This Is the Reason Your Airplane Seat Is So Narrow
While everyone talks about legroom on planes — or the increasing lack thereof — there’s another personal space issue that needs addressing.
We’re talking width. In a profile of the aviation interior consultancy LIFT Aero Design, which is working on a wider airplane-seating configuration concept called Paradym — CNN Travel asks a really important question: What if airplanes were wider?
On the surface, wider planes (and we’re talking wider as in usable interior space) could mean better seating and more spacious aisles (and fewer passengers and flight attendants bumping my shoulders, and also less overall stress due to cramped conditions). Admittedly, I wouldn’t put it past commercial airlines to take a wider plane concept and jam in more (and narrower) seats, but before we get pessimistic, we need to understand why planes are a certain width.
Basically, today’s airline seat sizing goes back to 1954 and Boeing’s 707 prototypes.

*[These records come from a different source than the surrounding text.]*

(* Let $K$ be a field of characteristic $0$, let $S=K[x_1,\ldots,x_n]$ be graded by $\deg x_i=a_i>0$, and let $I,J\subsetneq S$ be graded ideals. Call a graded ideal $\mathfrak a\subset S$ strongly Golod if $\partial(\mathfrak a)^2\subseteq \mathfrak a$, where $\partial(\mathfrak a)$ is the ideal generated by all $\partial f/\partial x_i$ with $f\in\mathfrak a$, $1\le i\le n$. Then: (a) if $I$ and $J$ are strongly Golod, then $I\cap J$ and $IJ$ are strongly Golod; (b) if $I$ and $J$ are strongly Golod and $\partial(I)\partial(J)\subseteq I+J$, then $I+J$ is strongly Golod; (c) if $I$ is strongly Golod, $J$ is arbitrary, and $I:J=I:J^2$, then $I:J$ is strongly Golod; (d) $I^k$, $I^{(k)}$ and $\widetilde{I^k}$ are strongly Golod for all $k\ge 2$.
   Context: Here $I^{(k)}=\bigcup_{t\ge1} I^k:L^t$, where $L$ is the intersection of all associated, non-minimal prime ideals of $I^k$ (the $k$-th symbolic power), and $\widetilde{I^k}=\bigcup_{t\ge1} I^k:\mathfrak m^t$ where $\mathfrak m=(x_1,\ldots,x_n)$ (the $k$-th saturated power). *)

theory Defs
  imports Main "HOL-Library.Poly_Mapping"
begin

text \<open>Polynomial ring S = K[x_v | v in 'v] with a finite type 'v of variables
 (n = CARD('v)); a polynomial is a finitely supported map from monomials
 (exponent vectors 'v =>0 nat) to coefficients.\<close>

type_synonym ('v, 'k) mpoly = "('v \<Rightarrow>\<^sub>0 nat) \<Rightarrow>\<^sub>0 'k"

definition var :: "'v \<Rightarrow> ('v, 'k::comm_ring_1) mpoly" where
  "var i = Poly_Mapping.single (Poly_Mapping.single i 1) 1"

definition pdiff :: "'v \<Rightarrow> ('v, 'k::comm_ring_1) mpoly \<Rightarrow> ('v, 'k) mpoly" where
  "pdiff i f = (\<Sum>m\<in>Poly_Mapping.keys f.
      Poly_Mapping.single (m - Poly_Mapping.single i (1::nat))
        ((of_nat (Poly_Mapping.lookup m i) :: 'k) * Poly_Mapping.lookup f m))"

definition is_ideal :: "'a::comm_ring_1 set \<Rightarrow> bool" where
  "is_ideal I \<longleftrightarrow> 0 \<in> I \<and> (\<forall>f\<in>I. \<forall>g\<in>I. f + g \<in> I) \<and> (\<forall>f\<in>I. \<forall>r. r * f \<in> I)"

definition ideal_gen :: "'a::comm_ring_1 set \<Rightarrow> 'a set" where
  "ideal_gen X = \<Inter>{J. is_ideal J \<and> X \<subseteq> J}"

definition ideal_sum :: "'a::comm_ring_1 set \<Rightarrow> 'a set \<Rightarrow> 'a set" where
  "ideal_sum I J = {f + g |f g. f \<in> I \<and> g \<in> J}"

definition ideal_prod :: "'a::comm_ring_1 set \<Rightarrow> 'a set \<Rightarrow> 'a set" where
  "ideal_prod I J = ideal_gen {f * g |f g. f \<in> I \<and> g \<in> J}"

fun ideal_pow :: "'a::comm_ring_1 set \<Rightarrow> nat \<Rightarrow> 'a set" where
  "ideal_pow I 0 = UNIV"
| "ideal_pow I (Suc k) = ideal_prod I (ideal_pow I k)"

definition ideal_colon :: "'a::comm_ring_1 set \<Rightarrow> 'a set \<Rightarrow> 'a set" where
  "ideal_colon I J = {f. \<forall>g\<in>J. f * g \<in> I}"

definition is_prime_ideal :: "'a::comm_ring_1 set \<Rightarrow> bool" where
  "is_prime_ideal P \<longleftrightarrow> is_ideal P \<and> P \<noteq> UNIV \<and> (\<forall>f g. f * g \<in> P \<longrightarrow> f \<in> P \<or> g \<in> P)"

definition associated_prime :: "'a::comm_ring_1 set \<Rightarrow> 'a set \<Rightarrow> bool" where
  "associated_prime I P \<longleftrightarrow> is_prime_ideal P \<and> (\<exists>f. P = ideal_colon I {f})"

definition minimal_prime :: "'a::comm_ring_1 set \<Rightarrow> 'a set \<Rightarrow> bool" where
  "minimal_prime I P \<longleftrightarrow> is_prime_ideal P \<and> I \<subseteq> P \<and>
     (\<forall>Q. is_prime_ideal Q \<and> I \<subseteq> Q \<and> Q \<subseteq> P \<longrightarrow> Q = P)"

text \<open>k-th symbolic power: union over t of I^k : L^t, L the intersection of the
  associated non-minimal primes of I^k (L = S if there are none).\<close>
definition symbolic_power :: "'a::comm_ring_1 set \<Rightarrow> nat \<Rightarrow> 'a set" where
  "symbolic_power I k =
     (let L = \<Inter>{P. associated_prime (ideal_pow I k) P \<and> \<not> minimal_prime (ideal_pow I k) P}
      in \<Union>t\<in>{1..}. ideal_colon (ideal_pow I k) (ideal_pow L t))"

definition max_ideal :: "('v, 'k::comm_ring_1) mpoly set" where
  "max_ideal = ideal_gen (range var)"

definition saturated_power :: "('v, 'k::comm_ring_1) mpoly set \<Rightarrow> nat \<Rightarrow> ('v, 'k) mpoly set" where
  "saturated_power I k = (\<Union>t\<in>{1..}. ideal_colon (ideal_pow I k) (ideal_pow max_ideal t))"

definition wdeg :: "('v \<Rightarrow> nat) \<Rightarrow> ('v \<Rightarrow>\<^sub>0 nat) \<Rightarrow> nat" where
  "wdeg a m = (\<Sum>v\<in>Poly_Mapping.keys m. a v * Poly_Mapping.lookup m v)"

definition hcomp :: "('v \<Rightarrow> nat) \<Rightarrow> nat \<Rightarrow> ('v, 'k::comm_ring_1) mpoly \<Rightarrow> ('v, 'k) mpoly" where
  "hcomp a d f = (\<Sum>m\<in>{m\<in>Poly_Mapping.keys f. wdeg a m = d}. Poly_Mapping.single m (Poly_Mapping.lookup f m))"

definition graded_ideal :: "('v \<Rightarrow> nat) \<Rightarrow> ('v, 'k::comm_ring_1) mpoly set \<Rightarrow> bool" where
  "graded_ideal a I \<longleftrightarrow> is_ideal I \<and> (\<forall>f\<in>I. \<forall>d. hcomp a d f \<in> I)"

definition deriv_ideal :: "('v, 'k::comm_ring_1) mpoly set \<Rightarrow> ('v, 'k) mpoly set" where
  "deriv_ideal I = ideal_gen {pdiff i f |i f. f \<in> I}"

definition strongly_golod :: "('v, 'k::comm_ring_1) mpoly set \<Rightarrow> bool" where
  "strongly_golod I \<longleftrightarrow> ideal_prod (deriv_ideal I) (deriv_ideal I) \<subseteq> I"

end

theory Submission
  imports Defs
begin

text \<open>Everything follows from the Leibniz rule and ideal arithmetic. The Leibniz rule gives
  \<partial>(IJ) \<subseteq> IJ + \<partial>(I)J + I\<partial>(J), whose square lies in IJ, and \<partial>(I + J) \<subseteq> \<partial>(I) + \<partial>(J).
  For Q = I : J the hypothesis gives Q : J = Q; for f, g \<in> Q and h1, h2, h3 \<in> J, expanding
  \<partial>_i(f h1) \<partial>_j(g h2) h3 \<in> I shows \<partial>_i f \<partial>_j g h1 h2 h3 \<in> I, that is \<partial>_i f \<partial>_j g \<in> Q.
  Finally \<partial>(I^k) \<subseteq> I^(k-1) and (I^(k-1))^2 \<subseteq> I^k for k \<ge> 2. The symbolic and the saturated
  powers are both of the form I^k : L^\<infinity>, and differentiation maps I^k : L^t into
  I^(k-1) : L^(t+1), so the same argument applies to them.\<close>

section \<open>The Leibniz rule\<close>

lemma pdiff_eq_sum_superset:
  fixes f :: "('v, 'k::comm_ring_1) mpoly"
  assumes "finite S" "Poly_Mapping.keys f \<subseteq> S"
  shows "pdiff i f = (\<Sum>m\<in>S. Poly_Mapping.single (m - Poly_Mapping.single i 1)
           (of_nat (Poly_Mapping.lookup m i) * Poly_Mapping.lookup f m))"
  unfolding pdiff_def using assms
  by (intro sum.mono_neutral_left) (auto simp: in_keys_iff)

lemma pdiff_add: "pdiff i (f + g) = pdiff i f + pdiff i (g :: ('v, 'k::comm_ring_1) mpoly)"
proof -
  let ?S = "Poly_Mapping.keys f \<union> Poly_Mapping.keys g"
  have "Poly_Mapping.keys (f + g) \<subseteq> ?S" by (rule keys_add)
  then show ?thesis
    by (simp add: pdiff_eq_sum_superset[of ?S] lookup_add distrib_left single_add sum.distrib)
qed

lemma pdiff_0 [simp]: "pdiff i (0 :: ('v, 'k::comm_ring_1) mpoly) = 0"
  by (simp add: pdiff_def)

lemma pdiff_sum: "pdiff i (sum F A) = (\<Sum>x\<in>A. pdiff i (F x :: ('v, 'k::comm_ring_1) mpoly))"
  by (induction A rule: infinite_finite_induct) (simp_all add: pdiff_add)

lemma pdiff_single:
  "pdiff i (Poly_Mapping.single m c :: ('v, 'k::comm_ring_1) mpoly) =
     Poly_Mapping.single (m - Poly_Mapping.single i 1) (of_nat (Poly_Mapping.lookup m i) * c)"
  by (subst pdiff_eq_sum_superset[of "{m}"]) auto

lemma diff_single_add:
  fixes m n :: "'v \<Rightarrow>\<^sub>0 nat"
  assumes "Poly_Mapping.lookup m i > 0"
  shows "m - Poly_Mapping.single i 1 + n = m + n - Poly_Mapping.single i 1"
  using assms
  by (intro poly_mapping_eqI) (auto simp: lookup_add lookup_minus lookup_single when_def)

lemma pdiff_single_mult_single:
  fixes c d :: "'k::comm_ring_1"
  shows "pdiff i (Poly_Mapping.single m c * Poly_Mapping.single n d :: ('v, 'k) mpoly)
     = pdiff i (Poly_Mapping.single m c) * Poly_Mapping.single n d
       + Poly_Mapping.single m c * pdiff i (Poly_Mapping.single n d)"
proof -
  let ?e = "Poly_Mapping.single i (1::nat)"
  \<comment> \<open>if x_i does not divide the monomial, its coefficient vanishes, so the exponent is irrelevant\<close>
  have left: "Poly_Mapping.single (m - ?e + n) (of_nat (Poly_Mapping.lookup m i) * c * d)
      = Poly_Mapping.single (m + n - ?e) (of_nat (Poly_Mapping.lookup m i) * c * d)"
    using diff_single_add[of m i n] by (cases "Poly_Mapping.lookup m i = 0") auto
  have right: "Poly_Mapping.single (m + (n - ?e)) (c * (of_nat (Poly_Mapping.lookup n i) * d))
      = Poly_Mapping.single (m + n - ?e) (c * (of_nat (Poly_Mapping.lookup n i) * d))"
    using diff_single_add[of n i m] by (cases "Poly_Mapping.lookup n i = 0") (auto simp: add.commute)
  show ?thesis
    unfolding mult_single pdiff_single left right
    by (simp add: lookup_add single_add[symmetric] algebra_simps)
qed

lemma sum_single_lookup: "(\<Sum>m\<in>Poly_Mapping.keys f. Poly_Mapping.single m (Poly_Mapping.lookup f m)) = f"
  by (rule poly_mapping_eqI) (auto simp: lookup_sum lookup_single when_def in_keys_iff)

And yet today’s 737 has the exact same fuselage width as a plane from nearly 70 years ago, even though, as CNN suggests, “You’ll probably note that people these days are quite a bit bigger — taller, with wider shoulders and wider hips.”
If the new normal for nonstop East Asia <> Europe flights is 15-16 hours, the economy class comfort bar will need to rise. We conceived PARADYM for the future. It's relevant right now. #PaxEx #airline #design pic.twitter.com/COVAkU7nwN
— LIFT Aero Design (@lift_aero) March 31, 2022
The Paradym concept offers wider triple seats in single-aisle planes, with 20 inches between armrests instead of the current 17-18. Every row would also have two armrests between seats instead of one.
Paradym isn’t being sold simply as a way to create more comfort for passengers, but as a “wider cabin with a single, flexible seat model.” While this means the seats could be used to create, say, a lie-flat model, it also allows the airlines to modify the seats depending on demand. As of now, there doesn’t appear to be a way to modify these to turn three comfortably wide seats into four uncomfortable ones, but we’re assuming the airlines will figure that out soon enough.